Indeed, it does. This book is chock-full of information. So much so, in fact, I’d characterize this book as a “concentrated tome.” I actually couldn’t read the book with other people making noise around me. There was such a sheer amount of information
to take in! This is not mindless reading; I learned a lot reading this book. Full of facts, figures, cultural history, and research, a book like this could read flat, like a textbook, even. However, Maya does a great job of weaving parent interviews, her own personal stories, and even parenting tips at the end of each section into the related facts and research. This way, she was able to relate the covered content to the reader in such a way that the book ended up being not only educational, but compelling, interesting, and most definitely, enjoyable!
Maya? You Rock. Here’s One Big Reason Why.

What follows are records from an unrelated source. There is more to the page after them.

(* Let $G=\langle c,s\rangle$ and $\phi:H\to G$ be as in the context. Let $w=s^{\alpha_0}c^{\beta_1}s^{\alpha_1}c^{\beta_2}\cdots s^{\alpha_{n-1}}c^{\beta_n}s^{\alpha_n}$, where $n\ge1$, $\alpha_0,\ldots,\alpha_n,\beta_1,\ldots,\beta_n$ are integers, all nonzero except possibly $\alpha_0$ and $\alpha_n$. Put $\gamma_j=\sum_{i=0}^{j-1}\alpha_i$ for $j=1,\ldots,n$ and $B_i=\{j\in\{1,\ldots,n\}:\gamma_j=\gamma_i\}$. If $w$, regarded as an element of $G$, belongs to $\phi(H)$, then $\sum_{j\in B_i}\beta_j=0$ for all $i=1,\ldots,n$.
   Context: Notation: $x^y=yxy^{-1}$, $[x,y]=xyx^{-1}y^{-1}$. For groups $A,B$, the wreath product $A\,\mathrm{Wr}\,B$ is the semidirect product $A^B\rtimes B$, where $A^B$ is the group of all functions $B\to A$ with pointwise multiplication and $B$ acts by $(bf)(x)=f(xb)$, written $f^b=bfb^{-1}$. $H$ is a group generated by a countable set $\{a^{(1)},a^{(2)},\ldots\}$. Let $Z=\langle z\rangle$ be infinite cyclic and $b^{(i)}\in H^Z$ with $b^{(i)}(z^k)=a^{(i)}$ if $k>0$ and $1$ otherwise; $K=\langle z,b^{(i)}\ (i\in\mathbb{N})\rangle\le H\,\mathrm{Wr}\,Z$. Let $\langle s\rangle$ be infinite cyclic and $c\in K^{\langle s\rangle}$ with $c(s)=z$, $c(s^{2^i})=b^{(i)}$ for $i>0$, $c(s^k)=1$ otherwise; $G=\langle c,s\rangle\le K\,\mathrm{Wr}\,\langle s\rangle$. The map $\phi:H\to G$, $a^{(i)}\mapsto[c,c^{s^{2^i-1}}]$, is an injective homomorphism. *)

theory Defs
  imports "HOL-Algebra.Algebra"
begin

text \<open>Unrestricted wreath product A Wr Z with Z infinite cyclic, generator identified
with 1 :: int.  An element (f, m) stands for f z^m, where f : Z \<rightarrow> A is an arbitrary
function (no finiteness of support).  The action is (z^m f)(z^x) = f(z^(x+m)), so
(f, m)(g, n) = (f \<cdot> z^m g z^-m, m + n) = (\<lambda>x. f x \<cdot> g (x + m), m + n).\<close>
definition wr :: "('a, 'm) monoid_scheme \<Rightarrow> ((int \<Rightarrow> 'a) \<times> int) monoid" where
  "wr A = \<lparr>carrier = {p. \<forall>x. fst p x \<in> carrier A},
           monoid.mult = (\<lambda>p q. ((\<lambda>x. fst p x \<otimes>\<^bsub>A\<^esub> fst q (x + snd p)), snd p + snd q)),
           one = ((\<lambda>x. \<one>\<^bsub>A\<^esub>), 0)\<rparr>"

definition wr_z :: "('a, 'm) monoid_scheme \<Rightarrow> (int \<Rightarrow> 'a) \<times> int" where
  "wr_z H = ((\<lambda>_. \<one>\<^bsub>H\<^esub>), 1)"

definition wr_b :: "('a, 'm) monoid_scheme \<Rightarrow> (nat \<Rightarrow> 'a) \<Rightarrow> nat \<Rightarrow> (int \<Rightarrow> 'a) \<times> int" where
  "wr_b H a i = ((\<lambda>k. if k > 0 then a i else \<one>\<^bsub>H\<^esub>), 0)"

definition grpK :: "('a, 'm) monoid_scheme \<Rightarrow> (nat \<Rightarrow> 'a) \<Rightarrow> ((int \<Rightarrow> 'a) \<times> int) monoid" where
  "grpK H a = (wr H)\<lparr>carrier := generate (wr H) (insert (wr_z H) {wr_b H a i | i. i \<ge> 1})\<rparr>"

definition grpW :: "('a, 'm) monoid_scheme \<Rightarrow> (nat \<Rightarrow> 'a)
    \<Rightarrow> ((int \<Rightarrow> (int \<Rightarrow> 'a) \<times> int) \<times> int) monoid" where
  "grpW H a = wr (grpK H a)"

definition cfun :: "('a, 'm) monoid_scheme \<Rightarrow> (nat \<Rightarrow> 'a) \<Rightarrow> int \<Rightarrow> (int \<Rightarrow> 'a) \<times> int" where
  "cfun H a k = (if k = 1 then wr_z H
                 else if (\<exists>i::nat. i > 0 \<and> k = 2 ^ i) then wr_b H a (THE i::nat. k = 2 ^ i)
                 else \<one>\<^bsub>grpK H a\<^esub>)"

definition elt_c :: "('a, 'm) monoid_scheme \<Rightarrow> (nat \<Rightarrow> 'a) \<Rightarrow> (int \<Rightarrow> (int \<Rightarrow> 'a) \<times> int) \<times> int" where
  "elt_c H a = (cfun H a, 0)"

definition elt_s :: "('a, 'm) monoid_scheme \<Rightarrow> (nat \<Rightarrow> 'a) \<Rightarrow> (int \<Rightarrow> (int \<Rightarrow> 'a) \<times> int) \<times> int" where
  "elt_s H a = ((\<lambda>_. \<one>\<^bsub>grpK H a\<^esub>), 1)"

definition grpG :: "('a, 'm) monoid_scheme \<Rightarrow> (nat \<Rightarrow> 'a)
    \<Rightarrow> ((int \<Rightarrow> (int \<Rightarrow> 'a) \<times> int) \<times> int) monoid" where
  "grpG H a = (grpW H a)\<lparr>carrier := generate (grpW H a) {elt_c H a, elt_s H a}\<rparr>"

definition conjg :: "('b, 'm) monoid_scheme \<Rightarrow> 'b \<Rightarrow> 'b \<Rightarrow> 'b" where
  "conjg G x y = y \<otimes>\<^bsub>G\<^esub> x \<otimes>\<^bsub>G\<^esub> inv\<^bsub>G\<^esub> y"

definition commg :: "('b, 'm) monoid_scheme \<Rightarrow> 'b \<Rightarrow> 'b \<Rightarrow> 'b" where
  "commg G x y = x \<otimes>\<^bsub>G\<^esub> y \<otimes>\<^bsub>G\<^esub> inv\<^bsub>G\<^esub> x \<otimes>\<^bsub>G\<^esub> inv\<^bsub>G\<^esub> y"

definition phi_gen :: "('a, 'm) monoid_scheme \<Rightarrow> (nat \<Rightarrow> 'a) \<Rightarrow> nat
    \<Rightarrow> (int \<Rightarrow> (int \<Rightarrow> 'a) \<times> int) \<times> int" where
  "phi_gen H a i = commg (grpG H a) (elt_c H a)
      (conjg (grpG H a) (elt_c H a) (elt_s H a [^]\<^bsub>grpG H a\<^esub> ((2::int) ^ i - 1)))"

definition word :: "('b, 'm) monoid_scheme \<Rightarrow> 'b \<Rightarrow> 'b \<Rightarrow> (nat \<Rightarrow> int) \<Rightarrow> (nat \<Rightarrow> int) \<Rightarrow> nat \<Rightarrow> 'b" where
  "word G s c al be n = s [^]\<^bsub>G\<^esub> al 0 \<otimes>\<^bsub>G\<^esub>
     foldr (\<lambda>j acc. c [^]\<^bsub>G\<^esub> be j \<otimes>\<^bsub>G\<^esub> s [^]\<^bsub>G\<^esub> al j \<otimes>\<^bsub>G\<^esub> acc) [1..<n+1] \<one>\<^bsub>G\<^esub>"

end

theory Submission
  imports Defs
begin

text \<open>Project every coordinate of K \<le> H Wr Z onto its Z-component. This yields a
homomorphism \<psi> from G to Z Wr Z which sends c to the indicator function of 1 in the
base group and s to the generator of the top group. Each \<phi>(a(i)) is a commutator of
two elements whose images lie in the abelian base group, so \<phi>(H) \<subseteq> ker \<psi>. On the
other hand the base component of \<psi>(w) at t is the sum of those \<beta>(j) with
t + \<gamma>(j) = 1; taking t = 1 - \<gamma>(i) gives the claim.\<close>

lemma wr_carrier: "carrier (wr A) = {p. \<forall>x. fst p x \<in> carrier A}"
  by (simp add: wr_def)

lemma wr_mult: "x \<otimes>\<^bsub>wr A\<^esub> y = ((\<lambda>t. fst x t \<otimes>\<^bsub>A\<^esub> fst y (t + snd x)), snd x + snd y)"
  by (simp add: wr_def)

lemma wr_one: "\<one>\<^bsub>wr A\<^esub> = ((\<lambda>x. \<one>\<^bsub>A\<^esub>), 0)"
  by (simp add: wr_def)

lemma group_wr:
  assumes "group A"
  shows "group (wr A)"
proof (rule groupI)
  interpret A: group A by fact
  show "x \<otimes>\<^bsub>wr A\<^esub> y \<in> carrier (wr A)" if "x \<in> carrier (wr A)" "y \<in> carrier (wr A)" for x y
    using that by (simp add: wr_carrier wr_mult)
  show "\<one>\<^bsub>wr A\<^esub> \<in> carrier (wr A)"
    by (simp add: wr_carrier wr_one)
  show "x \<otimes>\<^bsub>wr A\<^esub> y \<otimes>\<^bsub>wr A\<^esub> z = x \<otimes>\<^bsub>wr A\<^esub> (y \<otimes>\<^bsub>wr A\<^esub> z)"
    if "x \<in> carrier (wr A)" "y \<in> carrier (wr A)" "z \<in> carrier (wr A)" for x y z
    using that by (simp add: wr_carrier wr_mult A.m_assoc add.assoc)
  show "\<one>\<^bsub>wr A\<^esub> \<otimes>\<^bsub>wr A\<^esub> x = x" if "x \<in> carrier (wr A)" for x
    using that by (simp add: wr_carrier wr_mult wr_one)
  show "\<exists>y\<in>carrier (wr A). y \<otimes>\<^bsub>wr A\<^esub> x = \<one>\<^bsub>wr A\<^esub>" if "x \<in> carrier (wr A)" for x
    using that
    by (intro bexI[of _ "(\<lambda>t. inv\<^bsub>A\<^esub> fst x (t - snd x), - snd x)"])
      (auto simp: wr_carrier wr_mult wr_one)
qed

lemma wr_inv:
  assumes "group A" "x \<in> carrier (wr A)"
  shows "inv\<^bsub>wr A\<^esub> x = (\<lambda>t. inv\<^bsub>A\<^esub> fst x (t - snd x), - snd x)"
proof -
  interpret W: group "wr A" using group_wr[OF assms(1)] .
  interpret A: group A by fact
  show ?thesis
    using assms(2) by (intro W.inv_equality) (auto simp: wr_carrier wr_mult wr_one)
qed

lemma wr_base_commute:
  assumes "comm_group A" "x \<in> carrier (wr A)" "y \<in> carrier (wr A)" "snd x = 0" "snd y = 0"
  shows "x \<otimes>\<^bsub>wr A\<^esub> y = y \<otimes>\<^bsub>wr A\<^esub> x"
proof -
  interpret A: comm_group A by fact
  show ?thesis
    using assms(2-) by (simp add: wr_carrier wr_mult A.m_comm)
qed

lemma snd_wr_conjg:
  assumes "group A" "x \<in> carrier (wr A)" "y \<in> carrier (wr A)"
  shows "snd (conjg (wr A) x y) = snd x"
  using assms by (simp add: conjg_def wr_mult wr_inv)

definition wr_map :: "('a \<Rightarrow> 'b) \<Rightarrow> (int \<Rightarrow> 'a) \<times> int \<Rightarrow> (int \<Rightarrow> 'b) \<times> int" where
  "wr_map h p = (h \<circ> fst p, snd p)"

lemma wr_map_hom:
  assumes "h \<in> hom A B"
  shows "wr_map h \<in> hom (wr A) (wr B)"
  using assms by (auto simp: hom_def wr_map_def wr_carrier wr_mult Pi_def)

lemma (in group) commg_eq_one:
  assumes "x \<in> carrier G" "y \<in> carrier G" "x \<otimes> y = y \<otimes> x"
  shows "commg G x y = \<one>"
proof -
  have "commg G x y = (x \<otimes> y) \<otimes> inv (y \<otimes> x)"
    using assms(1,2) by (simp add: commg_def inv_mult_group m_assoc)
  then show ?thesis
    using assms by simp
qed

lemma (in group) conjg_closed:
  assumes "x \<in> carrier G" "y \<in> carrier G"
  shows "conjg G x y \<in> carrier G"
  using assms by (simp add: conjg_def)

lemma (in group_hom) hom_conjg:
  assumes "x \<in> carrier G" "y \<in> carrier G"
  shows "h (conjg G x y) = conjg H (h x) (h y)"
  using assms by (simp add: conjg_def)

lemma (in group_hom) hom_commg:
  assumes "x \<in> carrier G" "y \<in> carrier G"
  shows "h (commg G x y) = commg H (h x) (h y)"
  using assms by (simp add: commg_def)

lemma (in group_hom) generate_subset_kernel:
  assumes "S \<subseteq> kernel G H h"
  shows "generate G S \<subseteq> kernel G H h"
  using assms by (rule G.generate_subgroup_incl[OF _ subgroup_kernel])

lemma (in group_hom) hom_word_foldr:
  assumes "s \<in> carrier G" "c \<in> carrier G"
  shows "foldr (\<lambda>j acc. c [^] be j \<otimes> s [^] al j \<otimes> acc) xs \<one> \<in> carrier G
    \<and> h (foldr (\<lambda>j acc. c [^] be j \<otimes> s [^] al j \<otimes> acc) xs \<one>)
       = foldr (\<lambda>j acc. h c [^]\<^bsub>H\<^esub> (be j :: int) \<otimes>\<^bsub>H\<^esub> h s [^]\<^bsub>H\<^esub> (al j :: int) \<otimes>\<^bsub>H\<^esub> acc) xs \<one>\<^bsub>H\<^esub>"
  by (induction xs) (simp_all add: assms hom_int_pow)

lemma (in group_hom) hom_word:
  assumes "s \<in> carrier G" "c \<in> carrier G"
  shows "h (word G s c al be n) = word H (h s) (h c) al be n"
  using hom_word_foldr[OF assms, of be al "[1..<n+1]"] assms
  by (simp add: word_def hom_int_pow)

abbreviation Z_wr_Z :: "((int \<Rightarrow> int) \<times> int) monoid" where
  "Z_wr_Z \<equiv> wr integer_group"

lemma carrier_Z_wr_Z [simp]: "x \<in> carrier Z_wr_Z"
  by (simp add: wr_carrier)

lemma Z_wr_Z_inv: "inv\<^bsub>Z_wr_Z\<^esub> x = (\<lambda>t. - fst x (t - snd x), - snd x)"
  by (simp add: wr_inv)

lemma Z_wr_Z_top_pow: "((\<lambda>_. 0), 1) [^]\<^bsub>Z_wr_Z\<^esub> (k::int) = ((\<lambda>_. 0), k)"
proof -
  have "((\<lambda>_. 0), 1) [^]\<^bsub>Z_wr_Z\<^esub> (m::nat) = ((\<lambda>_. 0), int m)" for m
    by (induction m) (auto simp: wr_mult wr_one)
  then show ?thesis
    by (simp add: int_pow_def2 Z_wr_Z_inv)
qed

lemma Z_wr_Z_base_pow: "(f, 0) [^]\<^bsub>Z_wr_Z\<^esub> (k::int) = ((\<lambda>t. k * f t), 0)"
proof -
  have "(f, 0) [^]\<^bsub>Z_wr_Z\<^esub> (m::nat) = ((\<lambda>t. int m * f t), 0)" for m
    by (induction m) (auto simp: wr_mult wr_one algebra_simps)
  then show ?thesis
    by (simp add: int_pow_def2 Z_wr_Z_inv)
qed

lemma Z_wr_Z_word_foldr:
  assumes "m \<le> N"
  shows "foldr (\<lambda>j acc. (f, 0) [^]\<^bsub>Z_wr_Z\<^esub> \<beta> j \<otimes>\<^bsub>Z_wr_Z\<^esub> ((\<lambda>_. 0), 1) [^]\<^bsub>Z_wr_Z\<^esub> \<alpha> j
            \<otimes>\<^bsub>Z_wr_Z\<^esub> acc) [m..<N] \<one>\<^bsub>Z_wr_Z\<^esub>
    = ((\<lambda>t. \<Sum>j=m..<N. \<beta> j * f (t + (\<Sum>k=m..<j. \<alpha> k))), \<Sum>k=m..<N. \<alpha> k)"
  using assms
proof (induction m rule: inc_induct)
  case base
  then show ?case
    by (simp add: wr_one)
next
  case (step m)
  have shift: "(\<Sum>k=m..<j. \<alpha> k) = \<alpha> m + (\<Sum>k=Suc m..<j. \<alpha> k)" if "Suc m \<le> j" for j
    using that by (simp add: sum.atLeast_Suc_lessThan)
  have "(\<Sum>j=Suc m..<N. \<beta> j * f (t + \<alpha> m + (\<Sum>k=Suc m..<j. \<alpha> k)))
      = (\<Sum>j=Suc m..<N. \<beta> j * f (t + (\<Sum>k=m..<j. \<alpha> k)))" for t
    by (rule sum.cong) (simp_all add: shift add.assoc)
  then show ?case
    using step by (simp add: upt_conv_Cons sum.atLeast_Suc_lessThan Z_wr_Z_base_pow
        Z_wr_Z_top_pow wr_mult del: upt_Suc)
qed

Maya Thiagarajan has done something that seems so simple, yet is probably one of the most difficult challenges as a parenting and education book writer in the modern era. What could that be, you ask? Well folks, after a solid decade as a parent, I have noticed that when it comes to the topics of parenting and educating children, there are many folks out there with VERY strong opinions about the “right” and “wrong” way to do both of those things. Often, these opinions can be both rigid and uncompromising. Of course, usually the more rigid and uncompromising one is toward a subject, the more apt one’s desire typically is to spread their seeds of “knowledge” onto the planter-heads of other, more open-minded folks.
Most of those “all-knowing” peeps end up…. writing parenting books, of course. Because having an ISBN means that an author is a true expert on their topic and their words are gospel, right?
Maya Thiagarajan, a Singaporean parent who was raised in India and lived in the USA for a time, does not come off that way. She doesn’t judge, or guilt, or point fingers at parenting philosophies that differ from hers. I did not feel like a failure or a horribly lazy Western mother after finishing her book. Instead, I felt empowered.
Maya Thiagarajan: No judgements needed when you know what the hell you are talking about.
With usable, sensible tips for parents embedded throughout this book, narratives from her life, and interviews with other parents (that at times, contradict each other showing a range of parenting philosophies present in Eastern cultures), Maya helps parents (and teachers) figure out how best to blend the information she puts forth regarding East-West parenting practices for each unique reader. There is no “one-size-fits-all” prescription for attaining “parental perfection.” There is also no “do this or your kid will be messed up for life” vibe.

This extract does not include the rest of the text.